* TASK ITEM
Each line from the one containing "non-decreasing in \<open>x\<close>.\<close>" through the last line of the records below is to be repeated as written, with nothing added.

* THE DATA
lemma regular_refinement_exists:
  fixes \<epsilon> \<nu> \<delta> :: real and d :: "nat \<Rightarrow> real" and Hs :: "nat \<Rightarrow> 'a set set"
  assumes "2 \<le> k" and "1 \<le> s" and "0 < m" and "0 < \<epsilon>" and "0 < \<nu>" and "\<nu> \<le> 1"
    and "0 < \<delta>" and "\<epsilon> + \<delta> \<le> 1"
    and d: "\<And>i. i \<in> {1..s} \<Longrightarrow> 0 \<le> d i" "(\<Sum>i=1..s. d i) = 1"
    and vc: "vertex_classes m k V" and kjH: "kj_graph k V (k-1) H"
    and many: "\<epsilon> * real m ^ k \<le> real (card (cliques k V (k-1) H))"
    and part: "partitions s Hs (cliques k V (k-1) H)"
    and reg: "\<And>i. i \<in> {1..s} \<Longrightarrow> regular_wrt k V (\<epsilon> + \<delta>) (d i) (Hs i) H"
    and \<delta>_small: "\<delta> \<le> \<nu> * \<epsilon>\<^sup>2 / (20 * real ((2*k)^k))"
    and m_large1: "2 * real k \<le> \<delta> * \<epsilon> * real m"
    and m_large2: "3 * real s + real ((2*k)^k) < \<nu>\<^sup>2 * \<epsilon>^4 / (32 * (real ((2*k)^k))\<^sup>2) * real m"
  shows "\<exists>G. (\<forall>i\<in>{1..s}. kj_graph k V k (G i)) \<and> partitions s G (cliques k V (k-1) H) \<and>
      (\<forall>i\<in>{1..s}. regular_wrt k V \<epsilon> (d i) (G i) H) \<and>
      (\<forall>i\<in>{1..s}. real (card ((G i - Hs i) \<union> (Hs i - G i))) \<le> \<nu> * real m ^ k)"
proof -
  let ?cl = "cliques k V (k-1)"
  define C where "C = ?cl H"
  define \<gamma> where "\<gamma> = \<nu> / (2 * real ((2*k)^k))"
  have finU: "finite (\<Union>i\<in>{1..k}. V i)"
    by (rule finite_vertices[OF vc \<open>0 < m\<close>])
  have "finite C"
    unfolding C_def by (rule finite_cliques[OF finU])
  obtain h where h: "\<And>K. K \<in> C \<Longrightarrow> h K \<in> {1..s}"
    and h_iff: "\<And>K i. K \<in> C \<Longrightarrow> i \<in> {1..s} \<Longrightarrow> K \<in> Hs i \<longleftrightarrow> h K = i"
    using partitions_labelling[OF part] unfolding C_def by blast
  have "\<epsilon> \<le> 1"
    using \<open>0 < \<delta>\<close> \<open>\<epsilon> + \<delta> \<le> 1\<close> by linarith
  have vertices: "real (card (\<Union>i\<in>{1..k}. V i)) \<le> \<delta> * real (card (?cl H))"
    using card_vertices_le_fraction[OF vc \<open>2 \<le> k\<close> \<open>0 < m\<close> _ \<open>0 < \<epsilon>\<close> m_large1 many] \<open>0 < \<delta>\<close> by simp
  have \<gamma>: "0 \<le> \<gamma>" "\<gamma> \<le> 1" "\<delta> \<le> \<gamma> * \<epsilon>\<^sup>2 / 10"
    using one_le_double_power[of k] \<open>0 < \<nu>\<close> \<open>\<nu> \<le> 1\<close> \<delta>_small by (simp_all add: \<gamma>_def field_simps)
  have d_le_1: "d i \<le> 1" if "i \<in> {1..s}" for i
  proof -
    have "d i \<le> (\<Sum>j=1..s. d j)"
      using d(1) that by (intro member_le_sum) auto
    then show ?thesis
      using d(2) by simp
  qed
  obtain \<omega> where range: "\<forall>K\<in>C. \<omega> K \<in> {0..s}"
    and changes: "real (card {K\<in>C. \<omega> K \<noteq> 0}) < \<nu> * real m ^ k"
    and conc: "\<And>i Q. i \<in> {1..s} \<Longrightarrow> Q \<subseteq> H \<Longrightarrow> \<epsilon> * real (card C) \<le> real (card (?cl Q)) \<Longrightarrow>
      \<bar>real (card {K\<in>?cl Q. relabel (h K) (\<omega> K) = i})
       - ((1 - \<gamma>) * real (card {K\<in>?cl Q. h K = i}) + \<gamma> * d i * real (card (?cl Q)))\<bar>
      < \<gamma> * \<epsilon> / 4 * real (card (?cl Q))"
    using good_relabelling_exists[where h = h, OF \<open>2 \<le> k\<close> \<open>1 \<le> s\<close> \<open>0 < m\<close> \<open>0 < \<epsilon>\<close> \<open>\<epsilon> \<le> 1\<close>
        \<open>0 < \<nu>\<close> \<open>\<nu> \<le> 1\<close> d vc kjH many h[unfolded C_def] m_large2]
    unfolding \<gamma>_def[symmetric] C_def[symmetric] by blast
  define G where "G i = {K\<in>C. relabel (h K) (\<omega> K) = i}" for i
  have "relabel (h K) (\<omega> K) \<in> {1..s}" if "K \<in> C" for K
    using range h that by (auto simp: relabel_def)
  then have "partitions s G C"
    unfolding G_def by (rule partitions_fibres)
  moreover have "kj_graph k V k (G i)" for i
    by (rule kj_graph_if_subset_cliques[of _ k V "k-1" H]) (auto simp: G_def C_def)
  moreover have "real (card ((G i - Hs i) \<union> (Hs i - G i))) \<le> \<nu> * real m ^ k" if "i \<in> {1..s}" for i
  proof -
    have "Hs i \<subseteq> C"
      using part that unfolding partitions_def C_def by blast
    then have "(G i - Hs i) \<union> (Hs i - G i) \<subseteq> {K\<in>C. \<omega> K \<noteq> 0}"
      using h_iff[OF _ that] by (auto simp: G_def relabel_def)
    then have "card ((G i - Hs i) \<union> (Hs i - G i)) \<le> card {K\<in>C. \<omega> K \<noteq> 0}"
      using \<open>finite C\<close> by (intro card_mono) auto
    then show ?thesis
      using changes by linarith
  qed
  moreover have "regular_wrt k V \<epsilon> (d i) (G i) H" if i: "i \<in> {1..s}" for i
    unfolding regular_wrt_def
  proof (intro allI impI, elim conjE)
    fix Q assume "Q \<subseteq> H" and large: "\<epsilon> * real (card (?cl H)) \<le> real (card (?cl Q))"
    have "?cl Q \<subseteq> C"
      unfolding C_def by (rule cliques_mono) fact
    then have G_Q: "{K\<in>?cl Q. relabel (h K) (\<omega> K) = i} = G i \<inter> ?cl Q"
      and Hs_Q: "{K\<in>?cl Q. h K = i} = Hs i \<inter> ?cl Q"
      using h_iff[OF _ i] by (auto simp: G_def)
    have error_Hs: "\<bar>real (card (Hs i \<inter> ?cl Q)) - d i * real (card (?cl Q))\<bar>
                      \<le> (\<epsilon> + 5 * \<delta> / \<epsilon>) * real (card (?cl Q))"
      using regular_wrt_below_threshold[OF finU _ kjH reg[OF i] \<open>0 < \<epsilon>\<close> _ \<open>\<epsilon> + \<delta> \<le> 1\<close> d(1)[OF i]
          d_le_1[OF i] vertices \<open>Q \<subseteq> H\<close> large] \<open>2 \<le> k\<close> \<open>0 < \<delta>\<close> by simp
    have "\<bar>real (card (G i \<inter> ?cl Q)) - ((1 - \<gamma>) * real (card (Hs i \<inter> ?cl Q)) + \<gamma> * (d i * real (card (?cl Q))))\<bar>
           \<le> \<gamma> * \<epsilon> / 4 * real (card (?cl Q))"
      using conc[OF i \<open>Q \<subseteq> H\<close>] large unfolding G_Q Hs_Q C_def by (simp add: mult.assoc)
    then show "\<bar>real (card (G i \<inter> ?cl Q)) - d i * real (card (?cl Q))\<bar> \<le> \<epsilon> * real (card (?cl Q))"
      using mixing_error_le[OF _ error_Hs \<gamma>(1,2) \<open>0 < \<epsilon>\<close> _ \<gamma>(3)] \<open>0 < \<delta>\<close> by simp
  qed
  ultimately show ?thesis
    unfolding C_def by blast
qed

text \<open>If \<open>\<epsilon> \<ge> 1 - d\<^sub>0\<close> every density \<open>d\<^sub>i \<in> [d\<^sub>0, 1 - d\<^sub>0]\<close> is within \<open>\<epsilon>\<close> of any relative
  density, so the given partition itself works.\<close>
lemma regular_refinement_trivial:
  fixes \<epsilon> d0 \<nu> :: real and d :: "nat \<Rightarrow> real" and Hs :: "nat \<Rightarrow> 'a set set"
  assumes "1 \<le> s" and "0 < m" and "0 < \<nu>" and "1 - d0 \<le> \<epsilon>" and "0 < d0"
    and d: "\<And>i. i \<in> {1..s} \<Longrightarrow> d0 \<le> d i" "(\<Sum>i=1..s. d i) = 1"
    and vc: "vertex_classes m k V"
    and kjHs: "\<And>i. i \<in> {1..s} \<Longrightarrow> kj_graph k V k (Hs i)"
    and part: "partitions s Hs (cliques k V (k-1) H)"
  shows "\<exists>G. (\<forall>i\<in>{1..s}. kj_graph k V k (G i)) \<and> partitions s G (cliques k V (k-1) H) \<and>
      (\<forall>i\<in>{1..s}. regular_wrt k V \<epsilon> (d i) (G i) H) \<and>
      (\<forall>i\<in>{1..s}. real (card ((G i - Hs i) \<union> (Hs i - G i))) \<le> \<nu> * real m ^ k)"
proof (intro exI[of _ Hs] conjI ballI kjHs part)
  fix i assume i: "i \<in> {1..s}"
  show "real (card ((Hs i - Hs i) \<union> (Hs i - Hs i))) \<le> \<nu> * real m ^ k"
    using \<open>0 < \<nu>\<close> by simp
  show "regular_wrt k V \<epsilon> (d i) (Hs i) H"
  proof (cases "s = 1")
    case True
    then have "Hs i = cliques k V (k-1) H" and "d i = 1"
      using part d(2) i unfolding partitions_def by auto
    then show ?thesis
      using regular_wrt_cliques[of \<epsilon>] assms(4,5) d(1)[OF i] d(2) True by simp
  next
    case False
    define j :: nat where "j = (if i = 1 then 2 else 1)"
    have j: "j \<in> {1..s}" "j \<noteq> i"
      using i \<open>1 \<le> s\<close> False by (auto simp: j_def)
    have "d i + d j = (\<Sum>l\<in>{i, j}. d l)"
      using j by simp
    also have "\<dots> \<le> (\<Sum>l=1..s. d l)"
      using i j d(1) \<open>0 < d0\<close> by (intro sum_mono2) (auto intro: order_trans[of 0 d0, OF less_imp_le])
    finally have "d i \<le> 1 - d0"
      using d(1)[OF j(1)] d(2) by linarith
    then show ?thesis
      using regular_wrt_if_density_far_from_bounds[OF finite_vertices[OF vc \<open>0 < m\<close>]] d(1)[OF i]
        assms(4) by simp
  qed
qed

section \<open>Hierarchy functions\<close>

lemma hier_fun_intro:
  assumes pos: "\<And>xs. length xs = n \<Longrightarrow> (\<And>i. i < n \<Longrightarrow> 0 < xs ! i) \<Longrightarrow> 0 < f xs"
    and mono: "\<And>xs ys. length xs = n \<Longrightarrow> (\<And>i. i < n \<Longrightarrow> 0 < xs ! i) \<Longrightarrow>
                 (\<And>i. i < n \<Longrightarrow> xs ! i \<le> ys ! i) \<Longrightarrow> f xs \<le> f ys"
  shows "hier_fun n f"
  unfolding hier_fun_def
proof (intro conjI allI impI)
  fix xs :: "real list" assume "length xs = n \<and> (\<forall>x\<in>set xs. 0 < x)"
  then show "0 < f xs"
    by (intro pos) (auto simp: nth_mem)
next
  fix xs ys :: "real list" assume "length xs = n \<and> (\<forall>x\<in>set xs. 0 < x) \<and> list_all2 (\<le>) xs ys"
  then show "f xs \<le> f ys"
    by (intro mono) (auto simp: nth_mem list_all2_nthD)
qed

lemma exp_neg_div_square_mono:
  fixes x y c :: real
  assumes "0 < x" and "x \<le> y" and "0 \<le> c"
  shows "exp (- c / x\<^sup>2) \<le> exp (- c / y\<^sup>2)"
proof -
  have "x\<^sup>2 \<le> y\<^sup>2"
    using assms by (intro power_mono) auto
  then have "c / y\<^sup>2 \<le> c / x\<^sup>2"
    using assms by (intro divide_left_mono) auto
  then show ?thesis
    by simp
qed

text \<open>Argument \<open>2\<close> of \<open>delta_threshold\<close> and argument \<open>3\<close> of \<open>inverse_m_threshold\<close> are \<open>x = 1/k\<close>;
  the factor \<open>exp (-2/x\<^sup>2) = exp (-2 k\<^sup>2) \<le> (2k)\<^sup>-\<^sup>k\<close> stands in for \<open>(2k)\<^sup>-\<^sup>k\<close> because it is evidently
  non-decreasing in \<open>x\<close>.\<close>
definition delta_threshold :: "real list \<Rightarrow> real" where
  "delta_threshold xs = xs!4 * xs!0 * (xs!1)\<^sup>2 * exp (- 2 / (xs!2)\<^sup>2) / 20"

* ANSWER SECTION
  non-decreasing in \<open>x\<close>.\<close>
definition delta_threshold :: "real list \<Rightarrow> real" where
  "delta_threshold xs = xs!4 * xs!0 * (xs!1)\<^sup>2 * exp (- 2 / (xs!2)\<^sup>2) / 20"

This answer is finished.